## Saved entries
(* Let $\mathcal P$ be a compact subset of $\mathcal W$ and let $P(1),P(2),P(3),\ldots$ be a sequence of matrices from $\mathcal P$. Suppose $j_1<j_2<\cdots$ is an infinite increasing sequence of indices such that each $P(j_r)$ is a Sarymsakov matrix (i.e., $P(j_r)\in\mathcal S_1$) and the set $\bigcup_{r\ge1}\{P(j_r)\}$ is compact. If there exists an integer $T$ such that $j_{r+1}-j_r\le T$ for all $r\ge1$, then $P(k)\cdots P(2)P(1)$ converges as $k\to\infty$ to a rank-one matrix of the form $\mathbf 1c^T$ with $c_i\ge0$ and $\sum_i c_i=1$.
   Context: Let $\mathcal N=\{1,\ldots,n\}$; all matrices are $n\times n$. A matrix is stochastic if it is entrywise nonnegative with row sums $1$. For stochastic $P$ and $\mathcal A\subseteq\mathcal N$, $F_P(\mathcal A)=\{j:\ p_{ij}>0\text{ for some } i\in\mathcal A\}$. $\mathcal S_1$ (Sarymsakov matrices) is the set of stochastic $P$ such that for any disjoint nonempty $\mathcal A,\tilde{\mathcal A}\subseteq\mathcal N$, either $F_P(\mathcal A)\cap F_P(\tilde{\mathcal A})\neq\emptyset$, or $F_P(\mathcal A)\cap F_P(\tilde{\mathcal A})=\emptyset$ and $|F_P(\mathcal A)\cup F_P(\tilde{\mathcal A})|>|\mathcal A\cup\tilde{\mathcal A}|$. $\mathcal W$ is the set of stochastic $P$ such that for any disjoint nonempty $\mathcal A,\tilde{\mathcal A}\subseteq\mathcal N$, either $F_P(\mathcal A)\cap F_P(\tilde{\mathcal A})\neq\emptyset$, or $F_P(\mathcal A)\cap F_P(\tilde{\mathcal A})=\emptyset$ and $|F_P(\mathcal A)\cup F_P(\tilde{\mathcal A})|\ge|\mathcal A\cup\tilde{\mathcal A}|$. $\mathbf 1$ is the all-ones column vector. *)

theory Defs
  imports "HOL-Analysis.Analysis"
begin

text \<open>n x n real matrices are represented as real^'n^'n, with index type 'n finite
  (playing the role of N = {1..n}).\<close>

definition stochastic :: "real^'n::finite^'n \<Rightarrow> bool" where
  "stochastic P \<longleftrightarrow> (\<forall>i j. P $ i $ j \<ge> 0) \<and> (\<forall>i. (\<Sum>j\<in>UNIV. P $ i $ j) = 1)"

definition Fset :: "real^'n::finite^'n \<Rightarrow> 'n set \<Rightarrow> 'n set" where
  "Fset P A = {j. \<exists>i\<in>A. P $ i $ j > 0}"

definition sarymsakov :: "real^'n::finite^'n \<Rightarrow> bool" where
  "sarymsakov P \<longleftrightarrow> stochastic P \<and>
     (\<forall>A B. A \<noteq> {} \<and> B \<noteq> {} \<and> A \<inter> B = {} \<longrightarrow>
        Fset P A \<inter> Fset P B \<noteq> {} \<or>
        (Fset P A \<inter> Fset P B = {} \<and> card (Fset P A \<union> Fset P B) > card (A \<union> B)))"

definition classW :: "real^'n::finite^'n \<Rightarrow> bool" where
  "classW P \<longleftrightarrow> stochastic P \<and>
     (\<forall>A B. A \<noteq> {} \<and> B \<noteq> {} \<and> A \<inter> B = {} \<longrightarrow>
        Fset P A \<inter> Fset P B \<noteq> {} \<or>
        (Fset P A \<inter> Fset P B = {} \<and> card (Fset P A \<union> Fset P B) \<ge> card (A \<union> B)))"

fun lprod :: "(nat \<Rightarrow> real^'n::finite^'n) \<Rightarrow> nat \<Rightarrow> real^'n^'n" where
  "lprod P 0 = mat 1"
| "lprod P (Suc k) = P (Suc k) ** lprod P k"

end

theory Submission
  imports Defs
begin

text \<open>
  Say a stochastic matrix M expands by k if any two disjoint nonempty sets of indices either have
  overlapping supports or have joint support larger than themselves by at least k. Matrices in W
  expand by 0, Sarymsakov matrices by 1, and expansions add up under products. Since T bounds the
  gaps between Sarymsakov factors, every block of at most n T consecutive factors containing n
  Sarymsakov factors expands by n; as no set has more than n elements, any two rows of such a block
  share a positive column, i.e. the block is scrambling. These blocks range over a compact set of
  products, on which the overlap of any two rows is bounded below by some c > 0, so each block
  shrinks the oscillation of every column by the factor 1 - c while no factor increases it.
  Hence every column of P(k) \<dots> P(1) converges to a constant vector.
\<close>

section \<open>Stochastic matrices and supports\<close>

lemma stochastic_matrix_mult:
  assumes "stochastic X" "stochastic Y"
  shows "stochastic (X ** Y)"
proof -
  have "(\<Sum>k\<in>UNIV. (X ** Y) $ i $ k) = 1" for i
  proof -
    have "(\<Sum>k\<in>UNIV. (X ** Y) $ i $ k) = (\<Sum>k\<in>UNIV. \<Sum>m\<in>UNIV. X $ i $ m * Y $ m $ k)"
      by (simp add: matrix_matrix_mult_def)
    also have "\<dots> = (\<Sum>m\<in>UNIV. \<Sum>k\<in>UNIV. X $ i $ m * Y $ m $ k)"
      by (rule sum.swap)
    also have "\<dots> = (\<Sum>m\<in>UNIV. X $ i $ m * (\<Sum>k\<in>UNIV. Y $ m $ k))"
      by (simp add: sum_distrib_left)
    also have "\<dots> = 1"
      using assms unfolding stochastic_def by simp
    finally show ?thesis .
  qed
  moreover have "(X ** Y) $ i $ k \<ge> 0" for i k
    using assms unfolding stochastic_def matrix_matrix_mult_def
    by (simp add: sum_nonneg)
  ultimately show ?thesis
    unfolding stochastic_def by auto
qed

lemma stochastic_mat_1: "stochastic (mat 1 :: real^'n::finite^'n)"
  unfolding stochastic_def mat_def by (auto simp: if_distrib cong: if_cong)

lemma stochastic_row_ex_pos:
  assumes "stochastic X"
  obtains k where "X $ i $ k > 0"
proof -
  have "(\<Sum>k\<in>UNIV. X $ i $ k) \<noteq> 0"
    using assms unfolding stochastic_def by simp
  then obtain k where "X $ i $ k \<noteq> 0"
    by (meson sum.neutral)
  moreover have "X $ i $ k \<ge> 0"
    using assms unfolding stochastic_def by simp
  ultimately have "X $ i $ k > 0"
    by linarith
  then show thesis
    by (rule that)
qed

lemma matrix_mult_pos_iff:
  assumes "stochastic X" "stochastic Y"
  shows "(X ** Y) $ i $ k > 0 \<longleftrightarrow> (\<exists>m. X $ i $ m > 0 \<and> Y $ m $ k > 0)"
proof -
  have nonneg: "\<And>m. 0 \<le> X $ i $ m" "\<And>m. 0 \<le> Y $ m $ k"
    using assms unfolding stochastic_def by simp_all
  have "(X ** Y) $ i $ k > 0 \<longleftrightarrow> (\<Sum>m\<in>UNIV. X $ i $ m * Y $ m $ k) > 0"
    by (simp add: matrix_matrix_mult_def)
  also have "\<dots> \<longleftrightarrow> (\<exists>m. X $ i $ m * Y $ m $ k > 0)"
  proof
    assume "(\<Sum>m\<in>UNIV. X $ i $ m * Y $ m $ k) > 0"
    then show "\<exists>m. X $ i $ m * Y $ m $ k > 0"
      by (meson not_less sum_nonpos)
  next
    assume "\<exists>m. X $ i $ m * Y $ m $ k > 0"
    then obtain m where "X $ i $ m * Y $ m $ k > 0"
      by blast
    then show "(\<Sum>m\<in>UNIV. X $ i $ m * Y $ m $ k) > 0"
      using nonneg by (intro sum_pos2[of UNIV m]) simp_all
  qed
  also have "\<dots> \<longleftrightarrow> (\<exists>m. X $ i $ m > 0 \<and> Y $ m $ k > 0)"
    using nonneg by (simp add: zero_less_mult_iff not_less[symmetric])
  finally show ?thesis .
qed

lemma Fset_matrix_mult:
  assumes "stochastic X" "stochastic Y"
  shows "Fset (X ** Y) A = Fset Y (Fset X A)"
  unfolding Fset_def matrix_mult_pos_iff[OF assms] by blast

lemma Fset_nonempty:
  assumes "stochastic X" "A \<noteq> {}"
  shows "Fset X A \<noteq> {}"
proof -
  obtain a where "a \<in> A"
    using assms(2) by blast
  moreover obtain k where "X $ a $ k > 0"
    using stochastic_row_ex_pos[OF assms(1)] by blast
  ultimately show ?thesis
    unfolding Fset_def by blast
qed

section \<open>Expansion and scrambling\<close>

definition expands :: "nat \<Rightarrow> real^'n::finite^'n \<Rightarrow> bool" where
  "expands k M \<longleftrightarrow> (\<forall>A B. A \<noteq> {} \<and> B \<noteq> {} \<and> A \<inter> B = {} \<longrightarrow>
     Fset M A \<inter> Fset M B \<noteq> {} \<or> card (Fset M A \<union> Fset M B) \<ge> card (A \<union> B) + k)"

definition scrambling :: "real^'n::finite^'n \<Rightarrow> bool" where
  "scrambling M \<longleftrightarrow> (\<forall>i k. \<exists>l. M $ i $ l > 0 \<and> M $ k $ l > 0)"

lemma expandsD:
  "expands k M \<Longrightarrow> A \<noteq> {} \<Longrightarrow> B \<noteq> {} \<Longrightarrow> A \<inter> B = {} \<Longrightarrow>
    Fset M A \<inter> Fset M B \<noteq> {} \<or> card (Fset M A \<union> Fset M B) \<ge> card (A \<union> B) + k"
  unfolding expands_def by blast

lemma classW_iff_expands: "classW M \<longleftrightarrow> stochastic M \<and> expands 0 M"
  unfolding classW_def expands_def by auto

lemma sarymsakov_iff_expands: "sarymsakov M \<longleftrightarrow> stochastic M \<and> expands 1 M"
  unfolding sarymsakov_def expands_def by (auto simp: Suc_le_eq)

lemma expands_mat_1: "expands 0 (mat 1 :: real^'n::finite^'n)"
proof -
  have "Fset (mat 1 :: real^'n^'n) A = A" for A
    unfolding Fset_def mat_def by auto
  then show ?thesis
    unfolding expands_def by auto
qed

lemma expands_matrix_mult:
  assumes "stochastic X" "stochastic Y" "expands k X" "expands m Y"
  shows "expands (k + m) (X ** Y)"
  unfolding expands_def Fset_matrix_mult[OF assms(1,2)]
proof (intro allI impI)
  fix A B :: "'a set"
  assume AB: "A \<noteq> {} \<and> B \<noteq> {} \<and> A \<inter> B = {}"
  let ?A = "Fset X A" and ?B = "Fset X B"
  show "Fset Y ?A \<inter> Fset Y ?B \<noteq> {} \<or> card (Fset Y ?A \<union> Fset Y ?B) \<ge> card (A \<union> B) + (k + m)"
  proof (cases "?A \<inter> ?B = {}")
    case False
    then obtain z where "z \<in> ?A" "z \<in> ?B"
      by auto
    moreover obtain l where "Y $ z $ l > 0"
      using stochastic_row_ex_pos[OF assms(2)] by blast
    ultimately show ?thesis
      unfolding Fset_def by blast
  next
    case True
    then have "card (?A \<union> ?B) \<ge> card (A \<union> B) + k"
      using expandsD[OF assms(3)] AB by blast
    moreover have "?A \<noteq> {}" "?B \<noteq> {}"
      using AB Fset_nonempty[OF assms(1)] by auto
    then have "Fset Y ?A \<inter> Fset Y ?B \<noteq> {} \<or> card (Fset Y ?A \<union> Fset Y ?B) \<ge> card (?A \<union> ?B) + m"
      using expandsD[OF assms(4)] True by blast
    ultimately show ?thesis
      by linarith
  qed
qed

lemma expands_card_imp_scrambling:
  assumes "stochastic M" "expands CARD('n) (M :: real^'n::finite^'n)"
  shows "scrambling M"
  unfolding scrambling_def
proof (intro allI)
  fix i k :: 'n
  show "\<exists>l. M $ i $ l > 0 \<and> M $ k $ l > 0"
  proof (cases "i = k")
    case True
    obtain l where "M $ i $ l > 0"
      using stochastic_row_ex_pos[OF assms(1)] by blast
    with True show ?thesis
      by blast
  next
    case False
    have "card (Fset M {i} \<union> Fset M {k}) \<le> CARD('n)"
      by (rule card_mono) auto
    then have "\<not> card (Fset M {i} \<union> Fset M {k}) \<ge> card ({i} \<union> {k}) + CARD('n)"
      using False by simp
    then have "Fset M {i} \<inter> Fset M {k} \<noteq> {}"
      using expandsD[OF assms(2), of "{i}" "{k}"] False by blast
    then show ?thesis
      unfolding Fset_def by auto
  qed
qed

## Work required
List every line above that contains the word "allI".

## Answer
proof (intro allI impI)
proof (intro allI)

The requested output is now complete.